Dataset entries:
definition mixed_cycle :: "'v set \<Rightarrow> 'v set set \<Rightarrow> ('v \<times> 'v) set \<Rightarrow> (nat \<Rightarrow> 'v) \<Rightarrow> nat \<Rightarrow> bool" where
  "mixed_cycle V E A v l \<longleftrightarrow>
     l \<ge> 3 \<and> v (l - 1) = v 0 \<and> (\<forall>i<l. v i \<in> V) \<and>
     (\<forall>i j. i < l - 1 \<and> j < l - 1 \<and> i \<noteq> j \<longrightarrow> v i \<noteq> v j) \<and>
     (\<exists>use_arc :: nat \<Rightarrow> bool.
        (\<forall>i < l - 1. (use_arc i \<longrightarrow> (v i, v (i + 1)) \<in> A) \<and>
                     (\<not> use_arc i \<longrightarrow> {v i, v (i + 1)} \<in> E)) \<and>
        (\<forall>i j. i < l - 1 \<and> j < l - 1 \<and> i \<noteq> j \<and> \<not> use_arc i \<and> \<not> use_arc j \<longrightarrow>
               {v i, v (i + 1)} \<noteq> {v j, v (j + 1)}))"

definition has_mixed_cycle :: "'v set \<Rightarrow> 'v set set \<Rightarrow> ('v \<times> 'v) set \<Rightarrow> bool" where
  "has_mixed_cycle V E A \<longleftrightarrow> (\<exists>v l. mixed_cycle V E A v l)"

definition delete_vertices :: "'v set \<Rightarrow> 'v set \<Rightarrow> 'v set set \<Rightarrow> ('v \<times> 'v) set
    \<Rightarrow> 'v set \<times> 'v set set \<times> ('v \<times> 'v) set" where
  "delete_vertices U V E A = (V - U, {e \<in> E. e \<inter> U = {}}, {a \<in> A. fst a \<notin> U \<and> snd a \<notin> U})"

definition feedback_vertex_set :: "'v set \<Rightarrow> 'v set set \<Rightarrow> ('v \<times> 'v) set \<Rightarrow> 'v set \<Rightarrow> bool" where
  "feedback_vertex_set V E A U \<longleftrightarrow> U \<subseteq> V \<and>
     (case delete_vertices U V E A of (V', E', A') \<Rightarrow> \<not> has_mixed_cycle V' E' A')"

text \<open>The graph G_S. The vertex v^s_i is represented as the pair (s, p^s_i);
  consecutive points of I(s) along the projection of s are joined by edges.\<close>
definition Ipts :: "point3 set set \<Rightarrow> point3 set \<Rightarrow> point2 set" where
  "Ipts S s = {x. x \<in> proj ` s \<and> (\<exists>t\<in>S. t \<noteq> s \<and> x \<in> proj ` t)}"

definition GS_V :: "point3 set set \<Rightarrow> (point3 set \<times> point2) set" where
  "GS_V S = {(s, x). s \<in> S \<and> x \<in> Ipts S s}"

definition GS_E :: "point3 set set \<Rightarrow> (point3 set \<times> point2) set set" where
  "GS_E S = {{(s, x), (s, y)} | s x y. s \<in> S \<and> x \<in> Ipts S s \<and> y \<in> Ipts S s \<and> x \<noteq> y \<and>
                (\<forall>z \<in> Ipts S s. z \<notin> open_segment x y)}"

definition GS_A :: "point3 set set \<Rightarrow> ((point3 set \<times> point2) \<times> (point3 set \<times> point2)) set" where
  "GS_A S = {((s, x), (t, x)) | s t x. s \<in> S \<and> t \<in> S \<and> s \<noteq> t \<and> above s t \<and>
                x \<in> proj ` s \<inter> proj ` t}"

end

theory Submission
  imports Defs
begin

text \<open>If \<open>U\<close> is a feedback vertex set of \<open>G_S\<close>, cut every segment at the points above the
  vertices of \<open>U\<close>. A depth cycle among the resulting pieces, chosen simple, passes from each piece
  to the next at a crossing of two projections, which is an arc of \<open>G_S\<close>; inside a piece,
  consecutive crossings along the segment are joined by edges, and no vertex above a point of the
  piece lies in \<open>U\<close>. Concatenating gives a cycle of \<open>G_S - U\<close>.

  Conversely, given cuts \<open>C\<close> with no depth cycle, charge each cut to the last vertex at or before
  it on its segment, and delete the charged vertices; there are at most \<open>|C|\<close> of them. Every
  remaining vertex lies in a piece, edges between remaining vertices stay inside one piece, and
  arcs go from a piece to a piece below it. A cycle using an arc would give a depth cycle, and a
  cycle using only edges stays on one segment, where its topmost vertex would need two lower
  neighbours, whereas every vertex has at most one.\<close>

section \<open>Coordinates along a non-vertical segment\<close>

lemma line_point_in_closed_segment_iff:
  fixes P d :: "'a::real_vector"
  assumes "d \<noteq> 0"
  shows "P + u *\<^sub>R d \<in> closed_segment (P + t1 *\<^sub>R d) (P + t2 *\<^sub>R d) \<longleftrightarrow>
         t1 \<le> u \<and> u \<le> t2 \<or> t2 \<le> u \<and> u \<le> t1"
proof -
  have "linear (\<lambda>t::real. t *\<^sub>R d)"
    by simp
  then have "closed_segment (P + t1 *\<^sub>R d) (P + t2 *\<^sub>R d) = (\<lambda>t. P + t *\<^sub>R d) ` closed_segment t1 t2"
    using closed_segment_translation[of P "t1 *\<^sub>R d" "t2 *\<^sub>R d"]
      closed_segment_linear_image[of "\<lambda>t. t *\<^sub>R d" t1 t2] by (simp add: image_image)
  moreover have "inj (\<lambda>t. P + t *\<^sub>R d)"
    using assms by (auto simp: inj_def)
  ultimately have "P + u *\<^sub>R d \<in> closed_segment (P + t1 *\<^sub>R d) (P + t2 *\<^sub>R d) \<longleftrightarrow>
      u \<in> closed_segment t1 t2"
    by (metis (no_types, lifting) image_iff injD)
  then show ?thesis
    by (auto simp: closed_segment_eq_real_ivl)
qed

* * *

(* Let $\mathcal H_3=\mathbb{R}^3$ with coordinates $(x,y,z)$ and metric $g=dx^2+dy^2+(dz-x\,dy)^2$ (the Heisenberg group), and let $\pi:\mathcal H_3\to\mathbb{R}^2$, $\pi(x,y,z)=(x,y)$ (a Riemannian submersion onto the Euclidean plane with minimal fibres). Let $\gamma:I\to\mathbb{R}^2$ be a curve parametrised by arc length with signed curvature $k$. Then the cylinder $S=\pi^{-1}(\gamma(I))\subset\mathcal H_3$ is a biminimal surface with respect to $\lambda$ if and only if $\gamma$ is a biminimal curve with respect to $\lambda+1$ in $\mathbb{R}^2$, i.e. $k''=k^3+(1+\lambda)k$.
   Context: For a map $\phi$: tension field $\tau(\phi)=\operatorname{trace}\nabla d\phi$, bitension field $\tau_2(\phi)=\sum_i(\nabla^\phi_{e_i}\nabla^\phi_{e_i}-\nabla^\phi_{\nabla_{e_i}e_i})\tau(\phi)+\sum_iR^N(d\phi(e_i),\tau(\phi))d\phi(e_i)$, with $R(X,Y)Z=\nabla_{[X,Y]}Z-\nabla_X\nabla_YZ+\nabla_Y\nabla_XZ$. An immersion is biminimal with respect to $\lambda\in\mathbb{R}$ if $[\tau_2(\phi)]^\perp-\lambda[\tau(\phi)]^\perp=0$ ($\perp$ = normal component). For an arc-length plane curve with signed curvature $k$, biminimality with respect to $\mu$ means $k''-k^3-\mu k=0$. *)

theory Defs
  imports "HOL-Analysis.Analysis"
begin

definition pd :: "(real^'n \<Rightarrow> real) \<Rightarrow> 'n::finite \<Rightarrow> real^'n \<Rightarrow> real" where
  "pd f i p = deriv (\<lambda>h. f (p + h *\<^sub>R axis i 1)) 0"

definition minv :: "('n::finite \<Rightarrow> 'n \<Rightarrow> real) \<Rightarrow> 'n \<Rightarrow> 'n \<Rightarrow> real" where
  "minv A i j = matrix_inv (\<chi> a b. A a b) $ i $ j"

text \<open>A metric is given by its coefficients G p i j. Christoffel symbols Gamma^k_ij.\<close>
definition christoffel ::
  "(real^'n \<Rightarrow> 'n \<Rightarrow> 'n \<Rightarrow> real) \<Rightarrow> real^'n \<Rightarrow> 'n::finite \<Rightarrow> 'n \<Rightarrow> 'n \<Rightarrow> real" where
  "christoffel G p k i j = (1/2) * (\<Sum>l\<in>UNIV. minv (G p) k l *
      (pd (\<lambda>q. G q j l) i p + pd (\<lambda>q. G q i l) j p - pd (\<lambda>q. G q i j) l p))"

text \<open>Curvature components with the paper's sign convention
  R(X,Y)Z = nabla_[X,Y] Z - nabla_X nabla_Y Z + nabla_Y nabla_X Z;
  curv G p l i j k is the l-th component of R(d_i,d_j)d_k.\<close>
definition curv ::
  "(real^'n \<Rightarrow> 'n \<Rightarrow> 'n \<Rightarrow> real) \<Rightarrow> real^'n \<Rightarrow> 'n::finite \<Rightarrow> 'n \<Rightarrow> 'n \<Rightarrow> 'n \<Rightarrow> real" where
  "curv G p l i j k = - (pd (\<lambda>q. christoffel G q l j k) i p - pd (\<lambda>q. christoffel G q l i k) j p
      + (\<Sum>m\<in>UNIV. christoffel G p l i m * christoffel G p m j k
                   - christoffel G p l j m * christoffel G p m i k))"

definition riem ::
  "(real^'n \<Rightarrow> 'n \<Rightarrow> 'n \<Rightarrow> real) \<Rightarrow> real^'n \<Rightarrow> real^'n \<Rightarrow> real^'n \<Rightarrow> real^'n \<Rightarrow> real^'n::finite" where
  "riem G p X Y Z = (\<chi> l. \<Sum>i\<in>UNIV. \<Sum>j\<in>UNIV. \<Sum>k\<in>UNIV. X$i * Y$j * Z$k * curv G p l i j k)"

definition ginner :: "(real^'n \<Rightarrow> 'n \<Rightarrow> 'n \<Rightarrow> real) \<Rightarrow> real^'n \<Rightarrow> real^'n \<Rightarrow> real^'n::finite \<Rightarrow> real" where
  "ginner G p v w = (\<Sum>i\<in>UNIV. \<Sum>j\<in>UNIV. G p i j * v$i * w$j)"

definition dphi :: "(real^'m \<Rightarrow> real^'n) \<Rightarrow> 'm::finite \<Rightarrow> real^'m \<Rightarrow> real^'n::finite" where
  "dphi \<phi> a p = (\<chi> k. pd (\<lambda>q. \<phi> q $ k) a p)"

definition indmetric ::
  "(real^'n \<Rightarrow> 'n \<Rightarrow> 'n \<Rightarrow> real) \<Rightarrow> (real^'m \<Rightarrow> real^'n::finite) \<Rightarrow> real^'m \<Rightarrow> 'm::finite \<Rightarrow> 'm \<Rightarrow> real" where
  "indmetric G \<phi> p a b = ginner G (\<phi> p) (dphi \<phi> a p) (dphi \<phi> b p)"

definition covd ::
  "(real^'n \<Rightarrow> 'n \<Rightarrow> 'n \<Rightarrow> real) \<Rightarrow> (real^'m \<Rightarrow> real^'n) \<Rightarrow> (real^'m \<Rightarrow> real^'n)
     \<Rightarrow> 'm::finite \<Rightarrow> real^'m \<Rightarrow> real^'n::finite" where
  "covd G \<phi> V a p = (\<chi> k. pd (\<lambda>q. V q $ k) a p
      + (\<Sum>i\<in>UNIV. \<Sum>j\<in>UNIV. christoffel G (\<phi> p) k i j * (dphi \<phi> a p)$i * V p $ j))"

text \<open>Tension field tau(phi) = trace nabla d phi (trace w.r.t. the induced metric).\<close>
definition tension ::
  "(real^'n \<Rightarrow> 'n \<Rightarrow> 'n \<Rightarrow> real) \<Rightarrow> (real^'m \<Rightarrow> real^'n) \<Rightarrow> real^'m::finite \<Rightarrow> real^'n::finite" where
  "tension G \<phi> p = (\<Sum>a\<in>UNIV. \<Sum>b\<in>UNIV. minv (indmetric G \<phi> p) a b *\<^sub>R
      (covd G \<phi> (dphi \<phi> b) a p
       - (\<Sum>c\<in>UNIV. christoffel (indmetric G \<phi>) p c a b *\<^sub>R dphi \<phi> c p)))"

* * *

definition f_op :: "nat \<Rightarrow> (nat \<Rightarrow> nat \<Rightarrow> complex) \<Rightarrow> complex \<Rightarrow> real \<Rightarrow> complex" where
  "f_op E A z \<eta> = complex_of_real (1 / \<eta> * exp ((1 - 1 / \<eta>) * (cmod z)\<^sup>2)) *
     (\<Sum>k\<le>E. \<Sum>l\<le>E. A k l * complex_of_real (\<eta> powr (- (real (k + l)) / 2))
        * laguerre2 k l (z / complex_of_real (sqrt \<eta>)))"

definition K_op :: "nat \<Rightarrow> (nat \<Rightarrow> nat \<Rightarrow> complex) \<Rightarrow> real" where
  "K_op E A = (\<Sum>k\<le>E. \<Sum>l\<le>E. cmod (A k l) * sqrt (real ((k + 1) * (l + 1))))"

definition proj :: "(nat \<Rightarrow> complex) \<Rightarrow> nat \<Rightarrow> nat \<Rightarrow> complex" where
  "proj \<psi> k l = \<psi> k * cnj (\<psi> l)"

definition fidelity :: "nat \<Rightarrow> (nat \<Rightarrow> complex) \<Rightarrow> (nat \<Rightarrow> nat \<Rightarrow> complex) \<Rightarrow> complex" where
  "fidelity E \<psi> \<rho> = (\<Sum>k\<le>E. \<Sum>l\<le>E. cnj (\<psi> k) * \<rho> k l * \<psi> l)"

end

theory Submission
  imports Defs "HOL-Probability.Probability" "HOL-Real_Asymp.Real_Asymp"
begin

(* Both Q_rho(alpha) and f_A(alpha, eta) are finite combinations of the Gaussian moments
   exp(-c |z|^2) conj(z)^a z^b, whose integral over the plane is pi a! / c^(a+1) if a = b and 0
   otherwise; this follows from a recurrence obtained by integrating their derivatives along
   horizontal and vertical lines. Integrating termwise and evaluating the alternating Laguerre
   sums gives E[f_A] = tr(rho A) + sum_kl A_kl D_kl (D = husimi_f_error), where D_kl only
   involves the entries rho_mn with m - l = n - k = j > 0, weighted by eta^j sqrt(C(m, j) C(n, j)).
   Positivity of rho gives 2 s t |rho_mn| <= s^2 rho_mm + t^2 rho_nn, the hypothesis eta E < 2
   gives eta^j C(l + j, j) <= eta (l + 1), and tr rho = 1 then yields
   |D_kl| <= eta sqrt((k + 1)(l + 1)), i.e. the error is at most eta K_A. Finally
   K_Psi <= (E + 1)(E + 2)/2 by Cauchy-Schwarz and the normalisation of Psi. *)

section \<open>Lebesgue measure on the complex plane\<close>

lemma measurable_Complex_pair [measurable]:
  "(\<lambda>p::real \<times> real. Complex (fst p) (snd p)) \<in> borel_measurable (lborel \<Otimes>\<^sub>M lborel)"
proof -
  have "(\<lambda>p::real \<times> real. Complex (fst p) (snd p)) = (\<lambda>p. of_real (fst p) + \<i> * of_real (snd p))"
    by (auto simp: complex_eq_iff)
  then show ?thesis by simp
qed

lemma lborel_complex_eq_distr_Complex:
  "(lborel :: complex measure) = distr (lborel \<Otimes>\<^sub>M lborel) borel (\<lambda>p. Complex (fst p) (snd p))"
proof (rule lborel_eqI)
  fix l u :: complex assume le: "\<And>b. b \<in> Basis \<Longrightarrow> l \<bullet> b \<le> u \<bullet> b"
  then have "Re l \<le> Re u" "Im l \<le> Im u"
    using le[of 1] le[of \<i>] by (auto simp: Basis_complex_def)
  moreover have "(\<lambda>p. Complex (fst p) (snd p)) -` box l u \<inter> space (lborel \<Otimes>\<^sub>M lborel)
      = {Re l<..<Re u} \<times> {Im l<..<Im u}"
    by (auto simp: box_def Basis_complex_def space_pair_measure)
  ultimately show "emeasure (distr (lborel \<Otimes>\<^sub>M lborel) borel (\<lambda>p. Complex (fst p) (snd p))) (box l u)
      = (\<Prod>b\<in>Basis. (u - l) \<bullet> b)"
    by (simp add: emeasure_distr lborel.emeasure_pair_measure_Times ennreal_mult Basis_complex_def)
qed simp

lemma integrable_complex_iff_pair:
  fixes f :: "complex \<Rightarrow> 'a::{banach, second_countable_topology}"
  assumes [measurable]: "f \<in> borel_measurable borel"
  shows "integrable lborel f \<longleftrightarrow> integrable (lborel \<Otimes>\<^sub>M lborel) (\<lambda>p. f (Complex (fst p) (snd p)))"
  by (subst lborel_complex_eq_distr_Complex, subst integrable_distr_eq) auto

◆ What you need to do ◆
Count the lines above that contain the word "notin". Give only the number.

◆ Output below ◆
2